Todo eso era pura fantasía. Esos dos hombres habían muerto... estaban acabados... para ellos la gloria terrenal había terminado; y su desaparición significaba que Juan tenía lo que siempre había deseado.

Se incorporó, se acercó a la puerta del coro y llamó. Tras un enrejado apareció una monja. Explicó que la abadesa había salido, y que la regla imponía que en su ausencia no se admitiese a nadie.

Juan pensó: gracias a Dios. Estaba fatigado de esas peregrinaciones piadosas. Deseaba terminar todo eso y llegar a Inglaterra. ¡Oh, la gloria de su propia coronación! Recordó la de Ricardo, celebrada no mucho antes, y su propio sentimiento de envidia porque Ricardo era el hombre que ceñía la corona y llevaba el cetro. Ahora es mi turno, pensó regocijado.
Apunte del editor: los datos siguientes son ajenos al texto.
lemma grid_sum_perturbed_approx_integral:
  fixes f g :: "real \<Rightarrow> real"
  assumes \<Delta>: "0 < \<Delta>" and h: "0 \<le> h" and \<theta>: "0 \<le> \<theta>" and \<epsilon>: "0 \<le> \<epsilon>"
    and lip: "L-lipschitz_on UNIV f" and f_bound: "\<And>x. \<bar>f x\<bar> \<le> B"
    and far: "\<And>x. x \<in> {c - h..c + h} \<Longrightarrow> \<bar>g x - f x\<bar> \<le> K"
    and near: "\<And>x. x \<in> {c - h + \<theta>..c + h - \<theta>} \<Longrightarrow> \<bar>g x - f x\<bar> \<le> \<epsilon>"
  shows "\<bar>grid_sum g c h \<Delta> - integral {c - h..c + h} f\<bar>
    \<le> (L * (h + \<Delta>) + B) * \<Delta> + ((2 * h + \<Delta>) * \<epsilon> + 2 * K * (\<theta> + \<Delta>))"
proof -
  have "\<bar>grid_sum g c h \<Delta> - grid_sum f c h \<Delta>\<bar> \<le> grid_sum (\<lambda>x. \<bar>g x - f x\<bar>) c h \<Delta>"
    using abs_grid_sum_le[of \<Delta> "\<lambda>x. g x - f x"] \<Delta> by (simp add: grid_sum_diff)
  also have "\<dots> \<le> (2 * h + \<Delta>) * \<epsilon> + 2 * K * (\<theta> + \<Delta>)"
    by (rule grid_sum_abs_le[OF \<Delta> h \<theta> \<epsilon> far near])
  finally show ?thesis
    using grid_sum_approx_integral[OF \<Delta> h lip f_bound, of c] by linarith
qed

lemma tendsto_grid_sum:
  fixes \<phi> :: "'a \<Rightarrow> real \<Rightarrow> real" and f :: "real \<Rightarrow> real" and \<Delta> :: "'a \<Rightarrow> real"
  assumes unif: "\<And>\<theta>. 0 < \<theta> \<Longrightarrow> uniform_limit {c - h + \<theta>..c + h - \<theta>} \<phi> f F"
    and bounded: "eventually (\<lambda>t. \<forall>x\<in>{c - h..c + h}. \<bar>\<phi> t x\<bar> \<le> K) F"
    and lip: "L-lipschitz_on UNIV f" and f_bound: "\<And>x. \<bar>f x\<bar> \<le> B"
    and \<Delta>_lim: "(\<Delta> \<longlongrightarrow> 0) F" and \<Delta>_pos: "eventually (\<lambda>t. 0 < \<Delta> t) F"
    and h: "0 \<le> h"
  shows "((\<lambda>t. grid_sum (\<phi> t) c h (\<Delta> t)) \<longlongrightarrow> integral {c - h..c + h} f) F"
proof (rule tendstoI)
  fix \<epsilon> :: real
  assume \<epsilon>: "0 < \<epsilon>"
  define K' where "K' = \<bar>K\<bar> + B"
  have K': "0 \<le> K'" using f_bound[of 0] by (simp add: K'_def)
  define \<eta> where "\<eta> = \<epsilon> / (4 * (h + K' + 1))"
  have \<eta>: "0 < \<eta>" using \<epsilon> h K' by (simp add: \<eta>_def)
  have "(2 * h + 2 * K') * \<eta> \<le> 2 * (h + K' + 1) * \<eta>" using \<eta> by (intro mult_right_mono) auto
  also have "\<dots> = \<epsilon> / 2" using h K' by (simp add: \<eta>_def field_simps)
  finally have "(2 * h + 2 * K') * \<eta> < \<epsilon>" using \<epsilon> by linarith
  moreover have "((\<lambda>t. (L * (h + \<Delta> t) + B) * \<Delta> t + ((2 * h + \<Delta> t) * \<eta> + 2 * K' * (\<eta> + \<Delta> t)))
      \<longlongrightarrow> (2 * h + 2 * K') * \<eta>) F"
    by (auto intro!: tendsto_eq_intros \<Delta>_lim simp: algebra_simps)
  ultimately have "eventually (\<lambda>t. (L * (h + \<Delta> t) + B) * \<Delta> t
      + ((2 * h + \<Delta> t) * \<eta> + 2 * K' * (\<eta> + \<Delta> t)) < \<epsilon>) F"
    by (intro order_tendstoD)
  then show "eventually (\<lambda>t. dist (grid_sum (\<phi> t) c h (\<Delta> t)) (integral {c - h..c + h} f) < \<epsilon>) F"
    using uniform_limitD[OF unif[OF \<eta>] \<eta>] bounded \<Delta>_pos
  proof eventually_elim
    case (elim t)
    have "\<bar>grid_sum (\<phi> t) c h (\<Delta> t) - integral {c - h..c + h} f\<bar>
      \<le> (L * (h + \<Delta> t) + B) * \<Delta> t + ((2 * h + \<Delta> t) * \<eta> + 2 * K' * (\<eta> + \<Delta> t))"
    proof (rule grid_sum_perturbed_approx_integral[OF _ h _ _ lip f_bound])
      show "\<bar>\<phi> t x - f x\<bar> \<le> K'" if "x \<in> {c - h..c + h}" for x
      proof -
        have "\<bar>\<phi> t x\<bar> \<le> K" using elim that by auto
        then show ?thesis using f_bound[of x] unfolding K'_def by arith
      qed
      show "\<bar>\<phi> t x - f x\<bar> \<le> \<eta>" if "x \<in> {c - h + \<eta>..c + h - \<eta>}" for x
        using elim that by (auto simp: dist_real_def less_imp_le)
    qed (use elim \<eta> in auto)
    with elim show ?case by (simp add: dist_real_def)
  qed
qed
Se sintió agradecido a la anciana abadesa porque se había ausentado.

Se volvió hacia Hugh y dijo:

- Dígales que prometo beneficios para esta casa. Me comprometo a ello. Quizá, a cambio recen por mí.
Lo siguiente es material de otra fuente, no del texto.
lemma sum_Qgen_mult_lyap_le:
  assumes "\<alpha> > 0" "\<alpha>L > 0" "\<alpha>R > 0" "z \<in> Lam N"
  shows "(\<Sum>y\<in>Lamhat N. Qgen \<alpha> \<alpha>L \<alpha>R \<beta> N z y * lyap \<alpha> \<alpha>L \<alpha>R \<beta> N y) \<le> -1"
proof -
  have "N > 0"
    using assms(4) by (simp add: Lam_def)
  then show ?thesis
    using lyap_drift_right[OF assms, where \<beta> = \<beta>] lyap_drift_left[OF assms, where \<beta> = \<beta>]
      lyap_quad_second_difference[OF assms(1) \<open>N > 0\<close>, of "real z"]
    unfolding sum_Qgen_mult_inside_Lam[OF assms(4)] by linarith
qed

lemma lyap_quad_le:
  assumes "\<alpha> > 0"
  shows "lyap_quad \<alpha> N u \<le> 1 / (8 * \<alpha>)"
proof (cases "N = 0")
  case False
  have "u * (real N - u) \<le> real N ^ 2 / 4"
    using zero_le_power2[of "real N - 2 * u"] by (simp add: power2_eq_square algebra_simps)
  then have "lyap_quad \<alpha> N u \<le> real N ^ 2 / 4 / (2 * (real N ^ 2 * \<alpha>))"
    unfolding lyap_quad_def using assms by (intro divide_right_mono) auto
  also have "\<dots> = 1 / (8 * \<alpha>)"
    using False assms by (simp add: field_simps)
  finally show ?thesis .
qed (use assms in \<open>simp add: lyap_quad_def\<close>)

lemma lyap_const_le:
  assumes "\<alpha>L > 0" "\<alpha>R > 0" "N \<ge> 1"
  shows "lyap_const \<alpha>L \<alpha>R \<beta> N \<le> (1 / \<alpha>L + 1 / \<alpha>R) * real N powr (\<beta> - 1)"
proof -
  have "lyap_const \<alpha>L \<alpha>R \<beta> N = (real N - 1) / 2 / real N powr (2 - \<beta>) * (1 / \<alpha>L + 1 / \<alpha>R)"
    using assms by (simp add: lyap_const_def field_simps)
  also have "\<dots> \<le> real N / real N powr (2 - \<beta>) * (1 / \<alpha>L + 1 / \<alpha>R)"
    using assms by (intro mult_right_mono divide_right_mono) auto
  also have "real N / real N powr (2 - \<beta>) = real N powr 1 / real N powr (2 - \<beta>)"
    using assms(3) by simp
  also have "\<dots> = real N powr (1 - (2 - \<beta>))"
    by (rule powr_diff[symmetric])
  finally show ?thesis
    by (simp add: mult.commute)
qed

lemma lyap_le:
  assumes "\<alpha> > 0" "\<alpha>L > 0" "\<alpha>R > 0" "x \<in> Lam N"
  shows "lyap \<alpha> \<alpha>L \<alpha>R \<beta> N x \<le> (1 / \<alpha> + 1 / \<alpha>L + 1 / \<alpha>R) * max 1 (real N powr (\<beta> - 1))"
proof -
  have "N \<ge> 1"
    using assms(4) by (simp add: Lam_def)
  have "lyap_quad \<alpha> N (real x) \<le> 1 / (8 * \<alpha>)"
    by (rule lyap_quad_le[OF assms(1)])
  also have "\<dots> \<le> 1 / \<alpha> * max 1 (real N powr (\<beta> - 1))"
    using assms(1) by (simp add: field_simps)
  finally have "lyap_quad \<alpha> N (real x) \<le> 1 / \<alpha> * max 1 (real N powr (\<beta> - 1))" .
  moreover have "lyap_const \<alpha>L \<alpha>R \<beta> N \<le> (1 / \<alpha>L + 1 / \<alpha>R) * max 1 (real N powr (\<beta> - 1))"
    using lyap_const_le[OF assms(2,3) \<open>N \<ge> 1\<close>, of \<beta>] assms(2,3)
    by (elim order_trans) (intro mult_left_mono; simp)
  ultimately show ?thesis
    using assms(4) by (simp add: lyap_def algebra_simps)
qed

lemma nn_integral_surv_prob_le_lyap:
  assumes "\<alpha> > 0" "\<alpha>L > 0" "\<alpha>R > 0" "x \<in> Lam N"
  shows "(\<integral>\<^sup>+ t. ennreal (indicator {0..} t * surv_prob \<alpha> \<alpha>L \<alpha>R \<beta> N x t) \<partial>lborel)
       \<le> ennreal (lyap \<alpha> \<alpha>L \<alpha>R \<beta> N x)"
proof -
  define c where "c = 1 + (\<Sum>u\<in>Lamhat N. \<Sum>v\<in>Lamhat N. rate \<alpha> \<alpha>L \<alpha>R \<beta> N u v)"
  have "rate \<alpha> \<alpha>L \<alpha>R \<beta> N u v \<ge> 0" for u v
    using assms by (intro rate_nonneg) auto
  then have "c > 0"
    unfolding c_def by (smt (verit) sum_nonneg)
  have "2 \<le> N" "Lam N \<subseteq> Lamhat N"
    using assms(4) by (auto simp: Lam_def Lamhat_def)
  have drift: "(\<Sum>y\<in>Lamhat N. Qgen \<alpha> \<alpha>L \<alpha>R \<beta> N z y * lyap \<alpha> \<alpha>L \<alpha>R \<beta> N y) \<le> - indicator (Lam N) z"
    if "z \<in> Lamhat N" for z
  proof (cases "z \<in> Lam N")
    case True
    then show ?thesis
      using sum_Qgen_mult_lyap_le[OF assms(1-3)] by simp
  next
    case False
    then show ?thesis
      unfolding sum_Qgen_mult[OF that] by (simp add: rate_outside_Lam[OF \<open>2 \<le> N\<close>])
  qed
  show ?thesis
    unfolding surv_prob_eq_sum_mat_exp
  proof (rule nn_integral_mat_exp_le_lyapunov)
    show "\<forall>u\<in>Lamhat N. \<forall>v\<in>Lamhat N. Qgen \<alpha> \<alpha>L \<alpha>R \<beta> N u v + (if u = v then c else 0) \<ge> 0"
      using assms(1-3) by (intro ballI Qgen_shift_nonneg) (auto simp: c_def)
  qed (use assms \<open>c > 0\<close> \<open>Lam N \<subseteq> Lamhat N\<close> drift lyap_nonneg in \<open>auto simp: Lamhat_def\<close>)
qed

theorem lemmaB1:
  fixes \<alpha> \<alpha>L \<alpha>R :: real
  assumes "\<alpha> > 0" and "\<alpha>L > 0" and "\<alpha>R > 0"
  shows "\<exists>C>0. \<forall>(\<beta>::real) (N::nat). \<forall>x\<in>Lam N.
           (\<integral>\<^sup>+ t. ennreal (indicator {0..} t * surv_prob \<alpha> \<alpha>L \<alpha>R \<beta> N x t) \<partial>lborel)
             \<le> ennreal (C * max 1 (real N powr (\<beta> - 1)))"
proof (intro exI[of _ "1 / \<alpha> + 1 / \<alpha>L + 1 / \<alpha>R"] conjI allI ballI)
  show "0 < 1 / \<alpha> + 1 / \<alpha>L + 1 / \<alpha>R"
    using assms by (intro add_pos_pos) auto
  fix \<beta> :: real and N :: nat and x
  assume "x \<in> Lam N"
  show "(\<integral>\<^sup>+ t. ennreal (indicator {0..} t * surv_prob \<alpha> \<alpha>L \<alpha>R \<beta> N x t) \<partial>lborel)
      \<le> ennreal ((1 / \<alpha> + 1 / \<alpha>L + 1 / \<alpha>R) * max 1 (real N powr (\<beta> - 1)))"
    by (rule order.trans[OF nn_integral_surv_prob_le_lyap[OF assms \<open>x \<in> Lam N\<close>]
          ennreal_leI[OF lyap_le[OF assms \<open>x \<in> Lam N\<close>]]])
qed

end
lemma bipartite_except_few_defects:
  assumes sides: "L \<subseteq> carrier G" "R \<subseteq> carrier G" "L \<union> R \<noteq> {}"
  obtains D where "D \<subseteq> carrier G" "bipartite_except L R D"
    "real (card D) \<le> b_out G S L R * card (L \<union> R)"
proof -
  define D where "D = out_boundary G S (L \<union> R) \<union> {v \<in> L. has_nbr_in G S L v} \<union> {v \<in> R. has_nbr_in G S R v}"
  let ?e = "inner_count G S L + inner_count G S R + card (out_boundary G S (L \<union> R))"
  have "card D \<le> card (out_boundary G S (L \<union> R) \<union> {v \<in> L. has_nbr_in G S L v})
      + card {v \<in> R. has_nbr_in G S R v}"
    unfolding D_def by (rule card_Un_le)
  also have "\<dots> \<le> ?e"
    unfolding inner_count_def
    using card_Un_le[of "out_boundary G S (L \<union> R)" "{v \<in> L. has_nbr_in G S L v}"] by linarith
  finally have "card D \<le> ?e" .
  moreover have "0 < card (L \<union> R)"
    using sides finite_carrier by (simp add: card_gt_0_iff finite_subset)
  moreover have "D \<subseteq> carrier G" using sides unfolding D_def out_boundary_def by auto
  moreover have "bipartite_except L R D"
    unfolding D_def bipartite_except_def out_boundary_def has_nbr_in_def by blast
  ultimately show ?thesis using that unfolding b_out_def by simp
qed

lemma h_out_mult_card_le:
  assumes A: "A \<subseteq> carrier G" and half: "real (card A) \<le> real (card (carrier G)) / 2"
  shows "h_out G S * card A \<le> card (out_boundary G S A)"
proof (cases "card A = 0")
  case False
  let ?ratio = "\<lambda>A. real (card (out_boundary G S A)) / real (card A)"
  have "{?ratio A | A. A \<subseteq> carrier G \<and> 0 < card A \<and> real (card A) \<le> real (card (carrier G)) / 2}
      \<subseteq> ?ratio ` Pow (carrier G)"
    by auto
  then have "h_out G S \<le> ?ratio A"
    unfolding h_out_def using A half False finite_carrier
    by (intro Min_le) (auto intro: finite_subset)
  then show ?thesis using False by (simp add: pos_le_divide_eq)
qed simp

lemma h_out_le_two:
  assumes "2 \<le> card (carrier G)"
  shows "h_out G S \<le> 2"
proof -
  define k where "k = card (carrier G) div 2"
  obtain A where A: "A \<subseteq> carrier G" "card A = k"
    using obtain_subset_with_card_n[of k "carrier G"] unfolding k_def by auto
  have "2 * card A \<le> card (carrier G)" using A(2) unfolding k_def by simp
  then have "real (card A) \<le> real (card (carrier G)) / 2" by linarith
  then have "h_out G S * k \<le> card (out_boundary G S A)"
    using h_out_mult_card_le[OF A(1)] A(2) by simp
  also have "\<dots> \<le> card (carrier G - A)"
    using finite_carrier by (intro of_nat_mono card_mono) (auto simp: out_boundary_def)
  also have "\<dots> = card (carrier G) - k"
    using A finite_carrier by (simp add: card_Diff_subset finite_subset)
  also have "\<dots> \<le> 2 * k" using assms unfolding k_def of_nat_le_iff by presburger
  finally have "h_out G S * k \<le> 2 * k" by simp
  moreover have "0 < k" using assms unfolding k_def by simp
  ultimately show ?thesis by simp
qed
Hugh lo miró escéptico. No confiaba en la nueva piedad que revelaba un hombre de quien se decían tantas cosas, muchas de ellas comprobadas.

- No puedo prometer nada en vuestro nombre si no estoy seguro de que se cumplirán las promesas. Sabéis muy bien que detesto la falsedad, y la promesa formulada e incumplida es precisamente eso.
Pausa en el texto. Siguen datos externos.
(* For every $T>0$, $\lambda>0$ and $\epsilon>0$ there is $M=M(T,\lambda,\epsilon)$ such that $$\liminf_{m\to\infty}\mathbb{P}^{(m)}_\sigma\big(\Lambda(T,M,\lambda)\big)>1-\epsilon.$$
   Context: Fix a real exponent $b>0$ and a sequence $\sigma=(\sigma_p)_{p\in\mathcal P}$ of nonnegative reals indexed by the set $\mathcal P$ of primes with $\sum_p\sigma_p<\infty$. For a prime $p$, $\mathbb{Q}_p$ denotes the $p$-adic numbers with absolute value $|\cdot|_p$ and $\mathbb{Z}_p$ its closed unit ball. Let $G_p\subset\mathbb{Q}_p$ be the set of $p$-adic numbers of the form $\sum_{k<0}a_kp^k$ with $a_k\in\{0,\dots,p-1\}$, only finitely many nonzero; $G_p$ is a set of representatives of $\mathbb{Q}_p/\mathbb{Z}_p$ and is given the group structure of $\mathbb{Q}_p/\mathbb{Z}_p$. Let $X^{(p)}$ be a $G_p$-valued random variable with $\Pr(|X^{(p)}|_p=p^k)=(p^b-1)p^{-kb}$ for every integer $k\ge1$, and, conditionally on $|X^{(p)}|_p=p^k$, uniformly distributed on the finite set $\{x\in G_p:|x|_p=p^k\}$. Let $X^{(p)}_1,X^{(p)}_2,\dots$ be i.i.d. copies of $X^{(p)}$ and $S^{(p)}_n=X^{(p)}_1+\dots+X^{(p)}_n$ (sum in the group $G_p$), $S^{(p)}_0=0$. Put $D_p=\frac{p^b(p-1)}{p^{b+1}-1}\sigma_p$. For an integer $m\ge0$, let $\mathbb{P}^{(m)}_p$ be the law on $D(\mathbb{Q}_p)$ (càdlàg paths $[0,\infty)\to\mathbb{Q}_p$) of $t\mapsto p^mS^{(p)}_{\lfloor D_pp^{mb}t\rfloor}$, and $\mathbb{P}^{(m)}_\sigma=\prod_{p}\mathbb{P}^{(m)}_p$ the product measure on $\prod_pD(\mathbb{Q}_p)$ (independent components). For $x=(x_p)_p\in\prod_pD(\mathbb{Q}_p)$, $T>0$, $M>0$, $\lambda>0$, define the event $\Lambda(T,M,\lambda)=\{x:\ \sup_{s\le T}|x_p(s)|_p/p<\lambda\text{ for all primes }p\ge M\}$. *)

theory Defs
  imports "HOL-Probability.Probability" "HOL-Computational_Algebra.Primes"
begin
lemma vertical_edges_pos:
  fixes f :: "real \<Rightarrow> real \<Rightarrow> real"
  assumes "x0 \<le> x1" "y0 \<le> y1"
    and cont_fst: "\<And>s. continuous_on {x0..x1} (\<lambda>r. f r s)"
    and cont_snd: "\<And>r. continuous_on {y0..y1} (f r)"
    and edges: "\<And>r s. r \<in> {x0..x1} \<Longrightarrow> s \<in> {y0..y1} \<Longrightarrow> r \<in> {x0, x1} \<or> s \<in> {y0, y1} \<Longrightarrow> f r s \<noteq> 0"
    and pos: "f x0 y0 > 0"
    and s: "s \<in> {y0..y1}"
  shows "f x0 s > 0" "f x1 s > 0"
proof -
  show "f x0 s > 0"
    using pos_at_right_end_if_nonzero[of y0 s "f x0"] s pos assms(1) edges
      continuous_on_subset[OF cont_snd[of x0], of "{y0..s}"] by auto
  have "f x1 y0 > 0"
    using pos_at_right_end_if_nonzero[of x0 x1 "\<lambda>t. f t y0"] pos assms(1,2) cont_fst edges by auto
  then show "f x1 s > 0"
    using pos_at_right_end_if_nonzero[of y0 s "f x1"] s assms(1) edges
      continuous_on_subset[OF cont_snd[of x1], of "{y0..s}"] by auto
qed

text \<open>If \<open>f\<close> has a zero in a rectangle but none on its boundary, \<open>f\<close> has constant sign on the
  boundary, so an extremum of the opposite kind lies strictly between the vertical edges.\<close>
lemma rectangle_crit_point_pos:
  fixes f f' :: "real \<Rightarrow> real \<Rightarrow> real"
  assumes lt: "x0 < x1" "y0 < y1"
    and cont: "continuous_on UNIV (\<lambda>p. f (fst p) (snd p))"
    and der: "\<And>r s. ((\<lambda>r. f r s) has_real_derivative f' r s) (at r)"
    and zero: "r0 \<in> {x0..x1}" "s0 \<in> {y0..y1}" "f r0 s0 = 0"
    and edges: "\<And>r s. r \<in> {x0..x1} \<Longrightarrow> s \<in> {y0..y1} \<Longrightarrow> r \<in> {x0, x1} \<or> s \<in> {y0, y1} \<Longrightarrow> f r s \<noteq> 0"
    and pos: "f x0 y0 > 0"
  shows "\<exists>r\<in>{x0..x1}. \<exists>s\<in>{y0..y1}. f' r s = 0"
proof -
  have "continuous_on A (\<lambda>r. f r s)" for A s
    using der by (meson DERIV_isCont continuous_at_imp_continuous_on)
  moreover have "continuous_on A (f r)" for A r
    using continuous_on_compose2[OF cont continuous_on_Pair[OF continuous_on_const continuous_on_id]]
    by (auto intro: continuous_on_subset)
  ultimately have vertical: "f x0 s > 0" "f x1 s > 0" if "s \<in> {y0..y1}" for s
    using vertical_edges_pos[of x0 x1 y0 y1 f] lt edges pos that by auto
  define S where "S = {x0..x1} \<times> {y0..y1}"
  have "compact S" "S \<noteq> {}" "continuous_on S (\<lambda>p. f (fst p) (snd p))"
    using lt cont by (auto simp: S_def compact_Times intro: continuous_on_subset)
  then obtain pm where "pm \<in> S" "\<forall>q\<in>S. f (fst pm) (snd pm) \<le> f (fst q) (snd q)"
    using continuous_attains_inf by blast
  then obtain rm sm where min: "(rm, sm) \<in> S" "\<And>q. q \<in> S \<Longrightarrow> f rm sm \<le> f (fst q) (snd q)"
    by (metis prod.collapse)
  have "f rm sm \<le> 0" using min(2)[of "(r0, s0)"] zero by (auto simp: S_def)
  moreover have "rm \<in> {x0..x1}" "sm \<in> {y0..y1}" using min(1) by (auto simp: S_def)
  ultimately have "x0 < rm" "rm < x1"
    using vertical[of sm] by (metis atLeastAtMost_iff less_eq_real_def not_le)+
  have "f' rm sm = 0"
  proof (rule DERIV_local_min[OF der])
    show "0 < min (rm - x0) (x1 - rm)" using \<open>x0 < rm\<close> \<open>rm < x1\<close> by simp
    show "\<forall>y. \<bar>rm - y\<bar> < min (rm - x0) (x1 - rm) \<longrightarrow> f rm sm \<le> f y sm"
    proof (intro allI impI)
      fix y assume "\<bar>rm - y\<bar> < min (rm - x0) (x1 - rm)"
      then have "(y, sm) \<in> S" using \<open>sm \<in> {y0..y1}\<close> by (auto simp: S_def)
      then show "f rm sm \<le> f y sm" using min(2) by fastforce
    qed
  qed
  then show ?thesis using \<open>rm \<in> {x0..x1}\<close> \<open>sm \<in> {y0..y1}\<close> by blast
qed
—Lo juro —exclamó Juan—, juro que mis promesas serán cumplidas.

—En tal caso, transmitiré vuestro mensaje a las hermanas pero si faltáis a vuestra palabra, no olvidéis que estáis ofendiendo a Dios.

Juan inclinó la cabeza, en actitud de fingida piedad.

Mientras salían de la iglesia, el obispo comenzó un sermón acerca de la necesidad de gobernar bien. El nuevo Rey tendría que afrontar seriamente su tarea; Dios le había confiado una importante misión. Al propio monarca le convenía ejecutarla lo mejor posible.

—Conservaré la corona —se vanaglorió Juan. De los pliegues de su capa extrajo un adorno con una cadena de oro, y lo mostró al obispo.

—Veis este amuleto. Fue regalado a uno de mis antepasados y ha llegado hasta mí. Mi padre me lo dio. Fue cuando quiso que lo sucediera en el trono. Afirma la leyenda que mientras esta piedra esté en poder de nuestra familia, jamás perderemos nuestros dominios.

—Mi señor, haríais bien —contestó secamente el obispo—, en confiar en la Piedra Angular.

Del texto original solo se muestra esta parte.